Not at all surprising. Your Michelin "techs" are most likely customer service reps looking at a matrix graph, trying to come up with something for an answer. As for a lot of answers I read in many threads, its keyboard cowboys who know everything, about everything. In reality, they know very little and throw out something they hope will stick or regurgitate something they've seen elsewhere. If someone isn't intimately knowledgeable of the subject, I wish they'd just refrain from posting, as it only adds confusion and further misinformation.
First off, the doorjamb sticker is an average suggestion, trying to cover many scenarios. It's not perfect and not set in stone. Case in point is my truck, which shows 35F/35R. My frontend is substantially heavier than the rear. Therefore, I wouldn't need as much pressure in the rear to support its weight, since it's lighter. Likewise, if I follow the sticker and go load 1000lbs of material in the bed, now, I'm underinflated for the load. But, wait!!! The sticker tells me blah, blah, blah. We need to be inflated for the actual load and not what a sticker or sidewall says.

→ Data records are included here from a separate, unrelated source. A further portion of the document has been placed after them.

(* Let $N\ge3$ and $G\in\mathcal G_3(N)$. If $s=(x^1,\dots,x^{N-1},u,N)\in S^N\cap S_{nc}$ satisfies $c(G|s)=1$ (and hence has the sure-capture property), then: (1) $|N(u)|=1$, i.e. $u$ is a leaf of $G$; and (2) if $N(u)=\{v\}$, then $c(G|s')=\infty$ for every state $s'=(y^1,\dots,y^{N-1},v,N)\in S^N\cap S_{nc}$.
   Context: Board and moves: $G=(V,E)$ finite, simple, connected, undirected; $N(u)$ is the open neighbourhood of $u$. There are $N\ge3$ tokens, cops $C_1,\dots,C_{N-1}$ (tokens $1,\dots,N-1$) and robber $R$ (token $N$). A state is $s=(x^1,\dots,x^N,n)$ with $x^i\in V$ the position of token $i$ and $n$ the token to move; $S^n$ is the set of states with token $n$ to move; $s$ is a capture state if $x^i=x^N$ for some $i\le N-1$, and $S_{nc}$ is the set of noncapture states. In each turn the token to move moves to a vertex of its closed neighbourhood (may stay put); order $C_1,\dots,C_{N-1},R,C_1,\dots$; the game ends at the first capture. The modified cops-and-robber (CR) game is the two-player zero-sum game where one player controls all cops, the other the robber, and if capture occurs at time $t$ (number of turns) the robber's payoff is $-\gamma^t$ ($0$ if never), $\gamma\in(0,1)$. $\widehat\Sigma^n$ denotes the set of pure positional strategies of token $n$ that are components of optimal strategies in this game (CR-optimal strategies). For $s\in S_{nc}$, whenever CR-optimal play from $s$ leads to capture, it is always the same cop, denoted $\widehat C(s)$, that effects it. State cop number. For $s\in S_{nc}$, $c(G|s)=c_N(G|s)$ is the minimum $k\in\{1,\dots,N-1\}$ for which there exist $k$ cops and strategies for them such that, starting from $s$, a capture (by any cop) occurs whatever the other $N-k$ tokens (including $R$) do; $c(G|s)=\infty$ if no such $k$ exists. $c(G)$ is the classical cop number of $G$. Graph classes. $\mathcal G(N)=\{G: c(G)>N-1\}$; $\mathcal G_1(N)=\{G\in\mathcal G(N):\exists s\in S_{nc}\text{ with } c(G|s)\in\{2,\dots,N-1\}\}$; $\mathcal G_1'(N)=\mathcal G(N)\setminus\mathcal G_1(N)$; $\mathcal G_2(N)=\{G\in\mathcal G(N): c(G|s)=\infty\text{ for all } s\in S^N\cap S_{nc}\}$; $\mathcal G_2'(N)=\mathcal G_1'(N)\setminus\mathcal G_2(N)$. Say that a state $s\in S_{nc}$ with $c(G|s)=1$ and $\widehat C(s)=C_m$ has the sure-capture property if for every $\widehat\sigma^m\in\widehat\Sigma^m$ and every strategy profile $\sigma^{-m}$ of the other tokens, play from $s$ under $(\widehat\sigma^m,\sigma^{-m})$ ends in a capture in which $C_m$ is on the robber's vertex. $\mathcal G_3(N)$ is the set of $G\in\mathcal G_2'(N)$ in which every $s\in S_{nc}$ with $c(G|s)=1$ has the sure-capture property. *)

theory Defs
  imports Complex_Main "HOL-Library.Extended_Nat"
begin

definition graph :: "'v set \<Rightarrow> ('v \<Rightarrow> 'v \<Rightarrow> bool) \<Rightarrow> bool" where
  "graph V E \<longleftrightarrow> finite V \<and> V \<noteq> {} \<and>
     (\<forall>u v. E u v \<longrightarrow> u \<in> V \<and> v \<in> V \<and> u \<noteq> v \<and> E v u) \<and>
     (\<forall>u\<in>V. \<forall>v\<in>V. E\<^sup>*\<^sup>* u v)"

definition nbhd :: "'v set \<Rightarrow> ('v \<Rightarrow> 'v \<Rightarrow> bool) \<Rightarrow> 'v \<Rightarrow> 'v set" where
  "nbhd V E u = {w \<in> V. E u w}"

definition cnbhd :: "'v set \<Rightarrow> ('v \<Rightarrow> 'v \<Rightarrow> bool) \<Rightarrow> 'v \<Rightarrow> 'v set" where
  "cnbhd V E u = insert u (nbhd V E u)"

text \<open>Even
  half-steps t are cop turns, odd ones robber turns.\<close>
definition cops_win :: "'v set \<Rightarrow> ('v \<Rightarrow> 'v \<Rightarrow> bool) \<Rightarrow> nat \<Rightarrow> bool" where
  "cops_win V E k \<longleftrightarrow>
    (\<exists>c0 f. length c0 = k \<and> set c0 \<subseteq> V \<and>
       (\<forall>cs r. length cs = k \<and> set cs \<subseteq> V \<and> r \<in> V \<longrightarrow>
           list_all2 (\<lambda>a b. b \<in> cnbhd V E a) cs (f (cs, r))) \<and>
       (\<forall>r0\<in>V. \<forall>q :: nat \<Rightarrow> 'v list \<times> 'v.
          q 0 = (c0, r0) \<and>
          (\<forall>t. even t \<longrightarrow> q (Suc t) = (f (q t), snd (q t))) \<and>
          (\<forall>t. odd t \<longrightarrow> fst (q (Suc t)) = fst (q t) \<and> snd (q (Suc t)) \<in> cnbhd V E (snd (q t)))
          \<longrightarrow> (\<exists>t. snd (q t) \<in> set (fst (q t)))))"

definition cop_number :: "'v set \<Rightarrow> ('v \<Rightarrow> 'v \<Rightarrow> bool) \<Rightarrow> nat" where
  "cop_number V E = (LEAST k. 1 \<le> k \<and> cops_win V E k)"

text \<open>A state is a pair (xs, n): xs ! (i - 1) is the position of token i
  (tokens 1..N-1 are the cops, token N the robber), n is the token to move.\<close>
type_synonym 'v state = "'v list \<times> nat"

Now, I presume, you left Discount Tire in the same truck you drove in. The only thing you changed was a bit larger tire, which adds a bit more tire volume, which means you can run a bit less pressure (1-2psi). However, for some reason, you feel the need to run 50psi in them. I don't understand why. You've changed nothing about the weight of your truck, so there wouldn't be any need to drastically increase your pressures beyond factory, because you're not supporting additional weight. If anything, take advantage of the extra volume/flotation of them and drop a few. It's a 10-ply tire and will already ride rougher than what came on it. A 6- or 8-ply tire could've handled what you're going to be towing. But, I understand wanting to be equipped. No worries, there. You would only need to bump up the rears, once you're loaded or hitched. Lastly, an overinflated tire will have less grip than one properly inflated for the weight being carried.
As I stated above, your TT doesn't have a massive tongue weight. If I could suggest anything, it would be a nice, automatic ride-height airbag system and a WD hitch. The airbags will keep the truck at a set height and desired attitude, your TT at a desired attitude, and help to stabilize the rig. A WD hitch will further the stabilization and help mitigate porpoising. I have both and have never had an issue with any trailer configuration or weight.
Do not add 10psi extra to any tire, for peace of mind (I'll save the essay). However, a TPMS would be great to monitor pressure gain. When you see pressure in a tire creeping up beyond what the others are sitting at (assuming all are equally loaded), you'll know you're having an issue at that location. Likewise, if you see more than 10-15% pressure gain across similarly loaded tires, you'll know you need to bump pressures to better support the weight. If you're at max psi on the sidewall, you'll need to investigate heavier tire options. Overspeeding, bad wheel bearings, bent axles, poor alignments, etc do not count.
The Suburban mentioned above has the factory presuming it's going to be carrying passengers in the rear, so they purposely suggest a much higher pressure in the rear to support their weight. I only mention this, so people don't automatically assume they need to be running the same level of pressures, in the same positions, in their empty or dissimilar vehicles. That thing is a heavy beast, ready to haul everyone and pull anything.